- _What this task involves_
Search the data for "rotated". Return each matching line.

- _Records provided_
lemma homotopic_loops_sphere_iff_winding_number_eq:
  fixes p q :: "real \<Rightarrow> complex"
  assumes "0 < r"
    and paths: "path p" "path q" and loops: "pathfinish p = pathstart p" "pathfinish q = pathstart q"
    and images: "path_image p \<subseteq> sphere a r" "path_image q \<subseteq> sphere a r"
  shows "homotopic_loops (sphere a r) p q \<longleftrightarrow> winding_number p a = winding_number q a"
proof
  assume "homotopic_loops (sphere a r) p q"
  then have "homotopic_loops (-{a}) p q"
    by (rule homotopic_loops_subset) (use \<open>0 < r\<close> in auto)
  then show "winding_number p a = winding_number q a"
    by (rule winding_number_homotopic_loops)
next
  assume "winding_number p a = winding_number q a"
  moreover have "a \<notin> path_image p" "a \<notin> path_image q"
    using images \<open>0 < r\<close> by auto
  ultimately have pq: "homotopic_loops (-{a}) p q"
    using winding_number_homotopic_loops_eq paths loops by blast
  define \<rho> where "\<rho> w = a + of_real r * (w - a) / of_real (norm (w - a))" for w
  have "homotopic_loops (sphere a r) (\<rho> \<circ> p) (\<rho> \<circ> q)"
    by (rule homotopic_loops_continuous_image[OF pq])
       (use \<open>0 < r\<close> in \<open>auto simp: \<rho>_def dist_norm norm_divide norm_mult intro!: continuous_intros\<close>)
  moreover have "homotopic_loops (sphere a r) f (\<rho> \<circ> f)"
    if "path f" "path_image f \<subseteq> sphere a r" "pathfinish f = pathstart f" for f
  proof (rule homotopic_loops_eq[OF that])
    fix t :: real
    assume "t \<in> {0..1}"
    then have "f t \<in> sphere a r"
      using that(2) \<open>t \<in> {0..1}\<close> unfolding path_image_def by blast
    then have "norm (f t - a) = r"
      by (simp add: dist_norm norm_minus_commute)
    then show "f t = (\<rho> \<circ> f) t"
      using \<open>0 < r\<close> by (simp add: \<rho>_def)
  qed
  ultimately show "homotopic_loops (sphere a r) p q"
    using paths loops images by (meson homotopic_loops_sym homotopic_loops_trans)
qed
* * *
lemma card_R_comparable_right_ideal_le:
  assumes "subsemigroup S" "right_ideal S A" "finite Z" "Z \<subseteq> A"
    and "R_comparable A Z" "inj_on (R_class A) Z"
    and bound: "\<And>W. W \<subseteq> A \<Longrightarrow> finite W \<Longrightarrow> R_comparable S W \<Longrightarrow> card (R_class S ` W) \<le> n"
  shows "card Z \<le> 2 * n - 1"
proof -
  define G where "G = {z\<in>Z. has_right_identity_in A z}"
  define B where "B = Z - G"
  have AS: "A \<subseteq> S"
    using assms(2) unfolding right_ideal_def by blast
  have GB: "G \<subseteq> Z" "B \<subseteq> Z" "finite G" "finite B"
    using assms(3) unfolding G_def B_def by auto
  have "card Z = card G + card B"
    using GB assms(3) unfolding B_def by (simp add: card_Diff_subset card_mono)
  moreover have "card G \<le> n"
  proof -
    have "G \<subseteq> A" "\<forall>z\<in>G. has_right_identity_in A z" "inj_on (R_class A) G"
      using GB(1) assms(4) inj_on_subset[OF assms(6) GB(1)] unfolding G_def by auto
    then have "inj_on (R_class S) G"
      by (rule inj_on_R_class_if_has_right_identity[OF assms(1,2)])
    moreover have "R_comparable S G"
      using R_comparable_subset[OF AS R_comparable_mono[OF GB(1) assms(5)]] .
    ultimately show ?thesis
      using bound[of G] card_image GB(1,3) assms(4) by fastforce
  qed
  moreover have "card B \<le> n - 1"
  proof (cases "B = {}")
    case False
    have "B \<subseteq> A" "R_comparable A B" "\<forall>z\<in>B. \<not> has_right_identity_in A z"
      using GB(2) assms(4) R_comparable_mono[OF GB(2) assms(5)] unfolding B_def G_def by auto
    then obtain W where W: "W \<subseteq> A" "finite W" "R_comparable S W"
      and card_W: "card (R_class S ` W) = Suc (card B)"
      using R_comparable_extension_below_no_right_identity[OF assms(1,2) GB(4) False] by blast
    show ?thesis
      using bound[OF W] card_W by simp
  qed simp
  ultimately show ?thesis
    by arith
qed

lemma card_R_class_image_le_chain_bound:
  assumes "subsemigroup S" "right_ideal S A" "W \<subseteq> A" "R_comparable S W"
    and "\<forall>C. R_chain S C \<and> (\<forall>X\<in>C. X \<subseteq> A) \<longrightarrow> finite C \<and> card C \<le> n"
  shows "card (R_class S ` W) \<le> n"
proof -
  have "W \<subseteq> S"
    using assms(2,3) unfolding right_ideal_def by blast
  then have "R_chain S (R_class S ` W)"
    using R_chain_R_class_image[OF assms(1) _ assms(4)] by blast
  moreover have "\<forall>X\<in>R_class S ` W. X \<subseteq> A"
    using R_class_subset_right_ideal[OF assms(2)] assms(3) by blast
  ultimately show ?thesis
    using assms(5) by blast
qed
* * *
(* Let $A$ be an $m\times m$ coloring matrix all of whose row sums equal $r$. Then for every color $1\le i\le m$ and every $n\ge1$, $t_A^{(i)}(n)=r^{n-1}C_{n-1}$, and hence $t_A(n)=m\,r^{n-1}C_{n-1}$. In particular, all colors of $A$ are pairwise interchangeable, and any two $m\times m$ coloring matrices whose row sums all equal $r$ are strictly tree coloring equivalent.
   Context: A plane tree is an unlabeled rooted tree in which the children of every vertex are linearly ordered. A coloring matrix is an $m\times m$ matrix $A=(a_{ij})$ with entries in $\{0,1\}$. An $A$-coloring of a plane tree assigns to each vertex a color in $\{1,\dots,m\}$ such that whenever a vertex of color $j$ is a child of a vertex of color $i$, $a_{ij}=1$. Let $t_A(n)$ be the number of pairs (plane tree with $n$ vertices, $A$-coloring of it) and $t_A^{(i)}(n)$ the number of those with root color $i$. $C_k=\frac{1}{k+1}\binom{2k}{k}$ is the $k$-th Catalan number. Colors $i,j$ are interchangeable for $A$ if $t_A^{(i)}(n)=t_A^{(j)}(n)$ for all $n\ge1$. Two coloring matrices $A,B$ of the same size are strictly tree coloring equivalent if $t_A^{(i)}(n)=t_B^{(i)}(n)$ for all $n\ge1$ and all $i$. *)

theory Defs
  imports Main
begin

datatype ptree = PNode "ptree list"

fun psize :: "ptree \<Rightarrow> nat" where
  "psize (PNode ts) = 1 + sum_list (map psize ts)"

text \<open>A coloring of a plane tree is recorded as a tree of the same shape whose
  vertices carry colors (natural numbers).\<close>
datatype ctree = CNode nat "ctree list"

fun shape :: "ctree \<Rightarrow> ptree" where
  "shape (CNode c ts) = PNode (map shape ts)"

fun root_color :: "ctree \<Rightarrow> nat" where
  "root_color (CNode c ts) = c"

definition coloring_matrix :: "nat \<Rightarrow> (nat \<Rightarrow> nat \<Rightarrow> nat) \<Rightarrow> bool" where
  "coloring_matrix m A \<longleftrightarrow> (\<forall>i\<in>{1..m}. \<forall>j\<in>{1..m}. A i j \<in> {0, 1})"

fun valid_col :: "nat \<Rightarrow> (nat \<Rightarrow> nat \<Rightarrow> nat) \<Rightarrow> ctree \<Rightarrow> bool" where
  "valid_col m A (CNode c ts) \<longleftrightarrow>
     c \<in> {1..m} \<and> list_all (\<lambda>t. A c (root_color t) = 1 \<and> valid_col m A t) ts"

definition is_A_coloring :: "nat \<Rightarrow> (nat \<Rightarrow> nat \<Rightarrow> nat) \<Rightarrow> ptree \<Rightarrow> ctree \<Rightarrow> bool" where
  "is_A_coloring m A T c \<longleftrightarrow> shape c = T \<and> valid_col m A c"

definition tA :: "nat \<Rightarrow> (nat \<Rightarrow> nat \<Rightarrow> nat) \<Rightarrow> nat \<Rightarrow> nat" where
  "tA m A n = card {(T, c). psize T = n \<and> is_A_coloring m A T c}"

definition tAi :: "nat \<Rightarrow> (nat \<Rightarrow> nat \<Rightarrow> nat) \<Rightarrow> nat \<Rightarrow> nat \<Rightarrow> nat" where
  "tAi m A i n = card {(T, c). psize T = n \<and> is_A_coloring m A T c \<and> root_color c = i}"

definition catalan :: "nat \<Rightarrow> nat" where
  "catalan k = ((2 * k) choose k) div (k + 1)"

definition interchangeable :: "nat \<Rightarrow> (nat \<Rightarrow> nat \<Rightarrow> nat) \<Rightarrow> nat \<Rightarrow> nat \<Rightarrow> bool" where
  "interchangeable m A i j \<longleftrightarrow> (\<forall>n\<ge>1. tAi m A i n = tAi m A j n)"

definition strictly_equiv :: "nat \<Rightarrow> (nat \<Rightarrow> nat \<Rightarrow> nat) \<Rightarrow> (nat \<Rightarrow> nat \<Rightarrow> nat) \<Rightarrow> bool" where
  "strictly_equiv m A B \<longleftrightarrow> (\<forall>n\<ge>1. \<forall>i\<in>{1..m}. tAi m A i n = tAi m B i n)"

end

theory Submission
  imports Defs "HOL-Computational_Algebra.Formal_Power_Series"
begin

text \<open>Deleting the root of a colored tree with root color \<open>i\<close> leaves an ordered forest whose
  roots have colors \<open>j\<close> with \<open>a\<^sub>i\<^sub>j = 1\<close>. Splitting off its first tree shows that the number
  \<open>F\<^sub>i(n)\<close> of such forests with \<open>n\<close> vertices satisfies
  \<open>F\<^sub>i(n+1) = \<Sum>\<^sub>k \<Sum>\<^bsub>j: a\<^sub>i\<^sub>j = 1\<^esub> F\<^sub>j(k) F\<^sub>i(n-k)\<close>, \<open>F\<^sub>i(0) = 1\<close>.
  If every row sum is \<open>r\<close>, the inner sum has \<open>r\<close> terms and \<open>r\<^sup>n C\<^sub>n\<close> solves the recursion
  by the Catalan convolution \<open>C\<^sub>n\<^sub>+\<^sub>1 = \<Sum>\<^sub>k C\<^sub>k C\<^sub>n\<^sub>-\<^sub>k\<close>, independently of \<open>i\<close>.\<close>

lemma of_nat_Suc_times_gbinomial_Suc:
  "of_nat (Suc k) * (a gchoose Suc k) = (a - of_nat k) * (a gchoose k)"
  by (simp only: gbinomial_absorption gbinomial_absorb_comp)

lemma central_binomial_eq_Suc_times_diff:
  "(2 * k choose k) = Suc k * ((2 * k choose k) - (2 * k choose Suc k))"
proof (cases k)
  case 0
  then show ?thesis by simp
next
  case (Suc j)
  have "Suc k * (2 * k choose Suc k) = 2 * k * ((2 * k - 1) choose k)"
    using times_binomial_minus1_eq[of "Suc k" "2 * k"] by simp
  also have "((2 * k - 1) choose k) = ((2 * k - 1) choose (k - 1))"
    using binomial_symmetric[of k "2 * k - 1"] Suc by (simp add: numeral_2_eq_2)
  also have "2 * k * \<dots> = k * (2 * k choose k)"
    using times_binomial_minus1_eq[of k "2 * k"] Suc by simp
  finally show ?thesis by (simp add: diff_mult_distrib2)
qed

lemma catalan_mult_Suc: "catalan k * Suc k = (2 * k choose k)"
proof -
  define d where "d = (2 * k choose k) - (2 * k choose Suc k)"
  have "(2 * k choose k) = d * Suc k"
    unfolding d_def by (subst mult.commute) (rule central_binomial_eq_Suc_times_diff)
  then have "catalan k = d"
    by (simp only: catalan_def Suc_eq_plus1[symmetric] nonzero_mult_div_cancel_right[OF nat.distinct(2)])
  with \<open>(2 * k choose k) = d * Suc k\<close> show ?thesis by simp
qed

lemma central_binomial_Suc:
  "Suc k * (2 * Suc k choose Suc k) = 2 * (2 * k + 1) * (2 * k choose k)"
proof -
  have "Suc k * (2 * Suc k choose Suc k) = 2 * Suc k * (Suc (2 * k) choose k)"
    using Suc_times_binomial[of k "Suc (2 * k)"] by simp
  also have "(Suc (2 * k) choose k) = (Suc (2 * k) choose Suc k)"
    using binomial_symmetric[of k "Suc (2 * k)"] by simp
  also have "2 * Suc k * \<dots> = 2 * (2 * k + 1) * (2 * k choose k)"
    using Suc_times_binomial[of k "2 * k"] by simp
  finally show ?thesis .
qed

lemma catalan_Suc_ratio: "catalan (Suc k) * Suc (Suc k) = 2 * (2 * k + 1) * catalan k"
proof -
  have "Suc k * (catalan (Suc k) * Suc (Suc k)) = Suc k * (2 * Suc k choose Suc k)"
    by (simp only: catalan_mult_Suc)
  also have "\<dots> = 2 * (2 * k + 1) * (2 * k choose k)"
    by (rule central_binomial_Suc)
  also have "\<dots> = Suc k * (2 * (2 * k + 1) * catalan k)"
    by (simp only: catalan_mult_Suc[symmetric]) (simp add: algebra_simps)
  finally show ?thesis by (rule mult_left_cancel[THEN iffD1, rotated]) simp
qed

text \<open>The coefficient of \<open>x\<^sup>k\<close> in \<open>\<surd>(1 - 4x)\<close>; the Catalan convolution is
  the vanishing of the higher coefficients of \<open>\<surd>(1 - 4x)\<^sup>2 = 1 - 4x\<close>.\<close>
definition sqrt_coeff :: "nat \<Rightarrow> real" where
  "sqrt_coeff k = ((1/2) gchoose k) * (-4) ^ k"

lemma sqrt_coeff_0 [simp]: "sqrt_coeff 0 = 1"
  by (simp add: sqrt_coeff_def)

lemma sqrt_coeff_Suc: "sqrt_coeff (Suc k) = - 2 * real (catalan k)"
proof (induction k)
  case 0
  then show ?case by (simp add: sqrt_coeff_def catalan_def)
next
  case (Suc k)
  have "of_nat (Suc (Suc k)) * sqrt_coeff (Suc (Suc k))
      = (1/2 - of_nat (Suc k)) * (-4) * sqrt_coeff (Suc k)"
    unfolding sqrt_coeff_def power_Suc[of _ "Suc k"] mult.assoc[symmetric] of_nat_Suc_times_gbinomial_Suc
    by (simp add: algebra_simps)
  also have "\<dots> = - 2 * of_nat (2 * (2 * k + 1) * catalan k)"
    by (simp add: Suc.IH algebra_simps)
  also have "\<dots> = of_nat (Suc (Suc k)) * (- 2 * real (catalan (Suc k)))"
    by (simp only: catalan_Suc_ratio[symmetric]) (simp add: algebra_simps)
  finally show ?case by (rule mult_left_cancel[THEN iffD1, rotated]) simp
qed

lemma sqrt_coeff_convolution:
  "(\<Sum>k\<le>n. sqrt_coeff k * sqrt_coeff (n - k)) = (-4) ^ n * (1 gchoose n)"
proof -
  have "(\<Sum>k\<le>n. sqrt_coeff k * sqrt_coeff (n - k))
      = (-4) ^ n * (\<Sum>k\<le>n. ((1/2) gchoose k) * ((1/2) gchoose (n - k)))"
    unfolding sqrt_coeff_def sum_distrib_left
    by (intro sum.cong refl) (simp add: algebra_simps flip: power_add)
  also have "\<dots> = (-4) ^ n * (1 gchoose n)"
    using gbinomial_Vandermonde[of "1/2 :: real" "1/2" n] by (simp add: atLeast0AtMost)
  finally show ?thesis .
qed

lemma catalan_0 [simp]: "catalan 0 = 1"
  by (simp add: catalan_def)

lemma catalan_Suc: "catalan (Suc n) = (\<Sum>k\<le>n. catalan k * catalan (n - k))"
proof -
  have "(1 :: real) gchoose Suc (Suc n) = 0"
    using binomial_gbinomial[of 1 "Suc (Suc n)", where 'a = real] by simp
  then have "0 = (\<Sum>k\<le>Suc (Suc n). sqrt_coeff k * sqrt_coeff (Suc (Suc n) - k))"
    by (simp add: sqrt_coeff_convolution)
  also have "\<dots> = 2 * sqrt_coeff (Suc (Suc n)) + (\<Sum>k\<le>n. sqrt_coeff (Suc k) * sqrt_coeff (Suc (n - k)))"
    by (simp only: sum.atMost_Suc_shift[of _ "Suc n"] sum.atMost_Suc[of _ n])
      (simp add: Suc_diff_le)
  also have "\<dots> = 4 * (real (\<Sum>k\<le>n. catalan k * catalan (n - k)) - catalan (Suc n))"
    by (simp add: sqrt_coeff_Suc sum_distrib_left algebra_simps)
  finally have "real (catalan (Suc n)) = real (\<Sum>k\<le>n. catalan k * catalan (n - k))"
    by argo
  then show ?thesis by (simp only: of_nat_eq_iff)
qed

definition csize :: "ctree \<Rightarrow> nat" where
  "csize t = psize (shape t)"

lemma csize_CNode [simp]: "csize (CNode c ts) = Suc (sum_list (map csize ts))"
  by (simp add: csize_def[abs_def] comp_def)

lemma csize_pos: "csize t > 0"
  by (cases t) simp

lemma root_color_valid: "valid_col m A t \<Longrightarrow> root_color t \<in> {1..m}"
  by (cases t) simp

- _Finished task_
  finally show ?thesis by (rule mult_left_cancel[THEN iffD1, rotated]) simp
  finally show ?case by (rule mult_left_cancel[THEN iffD1, rotated]) simp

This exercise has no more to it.